What is being asked: In the data below, the answer is the run of lines from the line containing "(real k + 1)) \<le>" through the line containing "by (metis Suc_times_binomial_eq", both included; print it exactly and nothing else.
Records for processing Block Start
(* Assume Assumption 1, Assumption 2 and the null hypothesis $H_0:\ T_i(1)=T_i(0)$ for all $i$, and condition on $\boldsymbol{T}(1),\boldsymbol{T}(0)$. Then for each $1\le k\le K$, $$\mathbb{E}\Big(\frac{\mathbb{1}(V_k>0)}{V_k}\ \Big|\ \boldsymbol{T}(1),\boldsymbol{T}(0)\Big)\le\frac{16}{g_k\phi_k(1-\phi_k)}\cdot\frac{1+2n_k^{-1}}{(h_k+n_k^{-1})(1-h_k+n_k^{-1})}\cdot\frac{1}{n_k}.$$
   Context: There are $n$ units. Unit $i$ has potential event times $T_i(1),T_i(0)\ge 0$, potential censoring times $C_i(1),C_i(0)\in[0,\infty]$, and treatment indicator $Z_i\in\{0,1\}$; bold letters denote $n$-vectors. Assumption 1: conditional on $\boldsymbol{T}(1),\boldsymbol{T}(0),\boldsymbol{C}(1),\boldsymbol{C}(0)$, the $Z_i$ are i.i.d. Bernoulli$(p_1)$, $p_1=1-p_0\in(0,1)$. Assumption 2: $(\boldsymbol{C}(1),\boldsymbol{C}(0))$ is independent of $(\boldsymbol{T}(1),\boldsymbol{T}(0))$ and the pairs $(C_i(1),C_i(0))$ are i.i.d. across $i$. $G_z(c)=\Pr(C_i(z)\ge c)$, $G(t)=p_1G_1(t)+p_0G_0(t)$. Realized: $W_i=\min\{T_i,C_i\}$, $\Delta_i=\mathbb{1}(T_i\le C_i)$ with $T_i=Z_iT_i(1)+(1-Z_i)T_i(0)$, $C_i=Z_iC_i(1)+(1-Z_i)C_i(0)$. Let $t_1<\dots<t_K$ be the distinct values of $\{T_i(0)\}$, $d_k=\#\{i:T_i(0)=t_k\}$, $n_k=\#\{i:T_i(0)\ge t_k\}$, $h_k=d_k/n_k$, $g_k=G(t_k)$, $\phi_k=p_1G_1(t_k)/G(t_k)$; $N_{1k},N_{0k}$ the numbers of treated / control units with $W_i\ge t_k$, $N_k=N_{1k}+N_{0k}$, $D_k=\sum_i\Delta_i\mathbb{1}(W_i=t_k)$, $V_k=D_k(N_k-D_k)N_{1k}N_{0k}/\{N_k^2(N_k-1)\}$ (convention $0/0:=0$). *)

theory Defs
  imports "HOL-Probability.Probability"
begin

text \<open>A sample point: for each unit i, (Z_i, (C_i(1), C_i(0))).
  Censoring times live in [0,\<infinity>], rendered as ennreal.\<close>
type_synonym sample = "nat \<Rightarrow> bool \<times> (ennreal \<times> ennreal)"

text \<open>Probability space conditional on T(1),T(0): the pairs (Z_i,(C_i(1),C_i(0)))
  are i.i.d., Z_i ~ Bernoulli(p1) independent of the censoring pair with law mu.\<close>
definition unit_space :: "real \<Rightarrow> (ennreal \<times> ennreal) measure \<Rightarrow> (bool \<times> (ennreal \<times> ennreal)) measure" where
  "unit_space p1 \<mu> = measure_pmf (bernoulli_pmf p1) \<Otimes>\<^sub>M \<mu>"

definition sample_space :: "nat \<Rightarrow> real \<Rightarrow> (ennreal \<times> ennreal) measure \<Rightarrow> sample measure" where
  "sample_space n p1 \<mu> = PiM {..<n} (\<lambda>_. unit_space p1 \<mu>)"

definition Zr :: "sample \<Rightarrow> nat \<Rightarrow> bool" where
  "Zr \<omega> i = fst (\<omega> i)"

definition Cr :: "sample \<Rightarrow> nat \<Rightarrow> ennreal" where
  "Cr \<omega> i = (if Zr \<omega> i then fst (snd (\<omega> i)) else snd (snd (\<omega> i)))"

definition Tr :: "(nat \<Rightarrow> real) \<Rightarrow> (nat \<Rightarrow> real) \<Rightarrow> sample \<Rightarrow> nat \<Rightarrow> real" where
  "Tr T1 T0 \<omega> i = (if Zr \<omega> i then T1 i else T0 i)"

definition Wr :: "(nat \<Rightarrow> real) \<Rightarrow> (nat \<Rightarrow> real) \<Rightarrow> sample \<Rightarrow> nat \<Rightarrow> ennreal" where
  "Wr T1 T0 \<omega> i = min (ennreal (Tr T1 T0 \<omega> i)) (Cr \<omega> i)"

definition Deltar :: "(nat \<Rightarrow> real) \<Rightarrow> (nat \<Rightarrow> real) \<Rightarrow> sample \<Rightarrow> nat \<Rightarrow> bool" where
  "Deltar T1 T0 \<omega> i = (ennreal (Tr T1 T0 \<omega> i) \<le> Cr \<omega> i)"

definition N1 :: "nat \<Rightarrow> (nat \<Rightarrow> real) \<Rightarrow> (nat \<Rightarrow> real) \<Rightarrow> real \<Rightarrow> sample \<Rightarrow> nat" where
  "N1 n T1 T0 t \<omega> = card {i. i < n \<and> Zr \<omega> i \<and> ennreal t \<le> Wr T1 T0 \<omega> i}"

definition N0 :: "nat \<Rightarrow> (nat \<Rightarrow> real) \<Rightarrow> (nat \<Rightarrow> real) \<Rightarrow> real \<Rightarrow> sample \<Rightarrow> nat" where
  "N0 n T1 T0 t \<omega> = card {i. i < n \<and> \<not> Zr \<omega> i \<and> ennreal t \<le> Wr T1 T0 \<omega> i}"

definition Dk :: "nat \<Rightarrow> (nat \<Rightarrow> real) \<Rightarrow> (nat \<Rightarrow> real) \<Rightarrow> real \<Rightarrow> sample \<Rightarrow> nat" where
  "Dk n T1 T0 t \<omega> = card {i. i < n \<and> Deltar T1 T0 \<omega> i \<and> Wr T1 T0 \<omega> i = ennreal t}"

text \<open>V_k; Isabelle's x/0 = 0 matches the convention 0/0 := 0.\<close>
definition Vk :: "nat \<Rightarrow> (nat \<Rightarrow> real) \<Rightarrow> (nat \<Rightarrow> real) \<Rightarrow> real \<Rightarrow> sample \<Rightarrow> real" where
  "Vk n T1 T0 t \<omega> =
     (let D = real (Dk n T1 T0 t \<omega>); a = real (N1 n T1 T0 t \<omega>); b = real (N0 n T1 T0 t \<omega>);
          N = a + b
      in D * (N - D) * a * b / (N\<^sup>2 * (N - 1)))"

definition G1 :: "(ennreal \<times> ennreal) measure \<Rightarrow> real \<Rightarrow> real" where
  "G1 \<mu> c = measure \<mu> {x \<in> space \<mu>. ennreal c \<le> fst x}"

definition G0 :: "(ennreal \<times> ennreal) measure \<Rightarrow> real \<Rightarrow> real" where
  "G0 \<mu> c = measure \<mu> {x \<in> space \<mu>. ennreal c \<le> snd x}"

definition Gmix :: "real \<Rightarrow> (ennreal \<times> ennreal) measure \<Rightarrow> real \<Rightarrow> real" where
  "Gmix p1 \<mu> c = p1 * G1 \<mu> c + (1 - p1) * G0 \<mu> c"

definition phik :: "real \<Rightarrow> (ennreal \<times> ennreal) measure \<Rightarrow> real \<Rightarrow> real" where
  "phik p1 \<mu> c = p1 * G1 \<mu> c / Gmix p1 \<mu> c"

definition dk :: "nat \<Rightarrow> (nat \<Rightarrow> real) \<Rightarrow> real \<Rightarrow> nat" where
  "dk n T0 t = card {i. i < n \<and> T0 i = t}"

definition nk :: "nat \<Rightarrow> (nat \<Rightarrow> real) \<Rightarrow> real \<Rightarrow> nat" where
  "nk n T0 t = card {i. i < n \<and> t \<le> T0 i}"

definition hk :: "nat \<Rightarrow> (nat \<Rightarrow> real) \<Rightarrow> real \<Rightarrow> real" where
  "hk n T0 t = real (dk n T0 t) / real (nk n T0 t)"

end

theory Submission
  imports Defs
begin

(*
  Under H0 the event times do not depend on treatment, so V_k is a function of the status of each
  unit at t_k alone: under observation and treated, under observation and control, or not under
  observation. These statuses are i.i.d., and each can be generated as a risk indicator
  R_i ~ Bernoulli(g_k) followed by an independent treatment indicator Z_i ~ Bernoulli(phi_k) that
  only matters when R_i holds.

  Let D and M be the numbers of units at risk with T_i(0) = t_k and with T_i(0) > t_k, and a, b the
  numbers of treated and control units at risk, so that D + M = a + b = N. Then
  1/V_k = N^2 (N - 1) / (D M a b) <= 4 (1/(D+1) + 1/(M+1)) (N+1) (1/(a+1) + 1/(b+1)).
  Given R, a is Binomial(N, phi_k), and E[1/(X+1)] <= 1/((m+1) p) for X ~ Binomial(m, p) bounds the
  conditional expectation of the second factor by 1/(phi_k (1 - phi_k)). D and M are binomial with
  success probability g_k, so the first factor has expectation at most
  (1/(d_k+1) + 1/(n_k-d_k+1)) / g_k, which is the expression in h_k and n_k of the statement.
  The argument gives the constant 4 in place of 16.
*)

section \<open>Inverse moments of binomial counts\<close>

lemma expectation_binomial_inverse_Suc_le:
  assumes "0 < p" "p \<le> 1"
  shows "measure_pmf.expectation (binomial_pmf N p) (\<lambda>k. 1 / (real k + 1)) \<le> 1 / ((real N + 1) * p)"
proof -
  \<comment> \<open>\<open>C(N,k)/(k+1) = C(N+1,k+1)/(N+1)\<close> turns the sum into part of the binomial
    expansion of \<open>(p + (1 - p))^(N+1)\<close>.\<close>
  have term_eq: "pmf (binomial_pmf N p) k * (1 / (real k + 1))
      = real (Suc N choose Suc k) * p ^ Suc k * (1 - p) ^ (Suc N - Suc k) / ((real N + 1) * p)" for k
  proof -
    have "real (Suc N) * real (N choose k) = real (Suc N choose Suc k) * real (Suc k)"
      by (metis Suc_times_binomial_eq of_nat_mult)
    then have choose_eq: "real (N choose k) / (real k + 1) = real (Suc N choose Suc k) / (real N + 1)"
      by (simp add: field_simps del: binomial_Suc_Suc)
    have "pmf (binomial_pmf N p) k * (1 / (real k + 1))
        = real (N choose k) / (real k + 1) * p ^ k * (1 - p) ^ (N - k)"
      using assms by simp
    also have "\<dots> = real (Suc N choose Suc k) * (p * p ^ k) * (1 - p) ^ (N - k) / ((real N + 1) * p)"
      unfolding choose_eq using assms by simp
    finally show ?thesis
      by simp
  qed
  have "measure_pmf.expectation (binomial_pmf N p) (\<lambda>k. 1 / (real k + 1))
      = (\<Sum>k\<le>N. pmf (binomial_pmf N p) k * (1 / (real k + 1)))"
    using assms by (subst integral_measure_pmf[where A = "{..N}"]) (auto simp: set_pmf_binomial_eq split: if_splits)
  also have "\<dots> = (\<Sum>k\<le>N. real (Suc N choose Suc k) * p ^ Suc k * (1 - p) ^ (Suc N - Suc k))
                  / ((real N + 1) * p)"
    unfolding term_eq by (simp add: sum_divide_distrib)
  also have "\<dots> \<le> (\<Sum>k\<le>Suc N. real (Suc N choose k) * p ^ k * (1 - p) ^ (Suc N - k)) / ((real N + 1) * p)"
    using assms by (intro divide_right_mono) (subst sum.atMost_Suc_shift[where n = N], simp_all)
  also have "\<dots> = 1 / ((real N + 1) * p)"
    using binomial_ring[of p "1 - p" "Suc N"] by simp
  finally show ?thesis .
qed

lemma integrable_Pi_pmf_finite:
  fixes p :: "'i \<Rightarrow> 'a :: finite pmf" and f :: "('i \<Rightarrow> 'a) \<Rightarrow> real"
  assumes "finite I"
  shows "integrable (measure_pmf (Pi_pmf I dflt p)) f"
  using assms
  by (intro integrable_measure_pmf_finite finite_subset[OF set_Pi_pmf_subset']) (auto intro!: finite_PiE_dflt)

lemma expectation_Pi_bernoulli_count_inverse_le:
  assumes "finite I" "S \<subseteq> I" "0 < p" "p \<le> 1"
  shows "measure_pmf.expectation (Pi_pmf I dflt (\<lambda>_. bernoulli_pmf p))
           (\<lambda>f. 1 / (real (card {i\<in>S. f i}) + 1))
         \<le> 1 / ((real (card S) + 1) * p)"
proof -
  have "map_pmf (\<lambda>f. card {i\<in>S. f i}) (Pi_pmf I dflt (\<lambda>_. bernoulli_pmf p))
      = map_pmf (\<lambda>f. card {i\<in>S. f i}) (Pi_pmf S dflt (\<lambda>_. bernoulli_pmf p))"
    using assms(1,2) by (simp add: Pi_pmf_subset[of I S] map_pmf_comp cong: conj_cong)
  also have "\<dots> = binomial_pmf (card S) p"
    using assms by (intro binomial_pmf_altdef'[symmetric]) (auto intro: finite_subset)
  finally have count_binomial: "map_pmf (\<lambda>f. card {i\<in>S. f i}) (Pi_pmf I dflt (\<lambda>_. bernoulli_pmf p))
      = binomial_pmf (card S) p" .
  show ?thesis
    using expectation_binomial_inverse_Suc_le[of p "card S"] assms
    by (simp flip: count_binomial)
qed

lemma map_pmf_Not_bernoulli_pmf:
  assumes "0 \<le> p" "p \<le> 1"
  shows "map_pmf Not (bernoulli_pmf p) = bernoulli_pmf (1 - p)"
proof (rule pmf_eqI)
  fix b
  have "pmf (map_pmf Not (bernoulli_pmf p)) (\<not> \<not> b) = pmf (bernoulli_pmf p) (\<not> b)"
    by (rule pmf_map_inj') (simp add: inj_def)
  with assms show "pmf (map_pmf Not (bernoulli_pmf p)) b = pmf (bernoulli_pmf (1 - p)) b"
    by (cases b) auto
qed

lemma expectation_Pi_bernoulli_count_not_inverse_le:
  assumes "finite I" "S \<subseteq> I" "0 \<le> p" "p < 1"
  shows "measure_pmf.expectation (Pi_pmf I dflt (\<lambda>_. bernoulli_pmf p))
           (\<lambda>f. 1 / (real (card {i\<in>S. \<not> f i}) + 1))
         \<le> 1 / ((real (card S) + 1) * (1 - p))"
proof -
  have "Pi_pmf I dflt (\<lambda>_. bernoulli_pmf p) = Pi_pmf I dflt (\<lambda>_. map_pmf Not (bernoulli_pmf (1 - p)))"
    using assms by (simp add: map_pmf_Not_bernoulli_pmf)
  also have "\<dots> = map_pmf (\<lambda>f. Not \<circ> f) (Pi_pmf I (\<not> dflt) (\<lambda>_. bernoulli_pmf (1 - p)))"
    using assms by (intro Pi_pmf_map) auto
  finally show ?thesis
    using assms expectation_Pi_bernoulli_count_inverse_le[of I S "1 - p" "\<not> dflt"] by simp
qed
Records for processing Block End
Response below:
  shows "measure_pmf.expectation (binomial_pmf N p) (\<lambda>k. 1 / (real k + 1)) \<le> 1 / ((real N + 1) * p)"
proof -
  \<comment> \<open>\<open>C(N,k)/(k+1) = C(N+1,k+1)/(N+1)\<close> turns the sum into part of the binomial
    expansion of \<open>(p + (1 - p))^(N+1)\<close>.\<close>
  have term_eq: "pmf (binomial_pmf N p) k * (1 / (real k + 1))
      = real (Suc N choose Suc k) * p ^ Suc k * (1 - p) ^ (Suc N - Suc k) / ((real N + 1) * p)" for k
  proof -
    have "real (Suc N) * real (N choose k) = real (Suc N choose Suc k) * real (Suc k)"
      by (metis Suc_times_binomial_eq of_nat_mult)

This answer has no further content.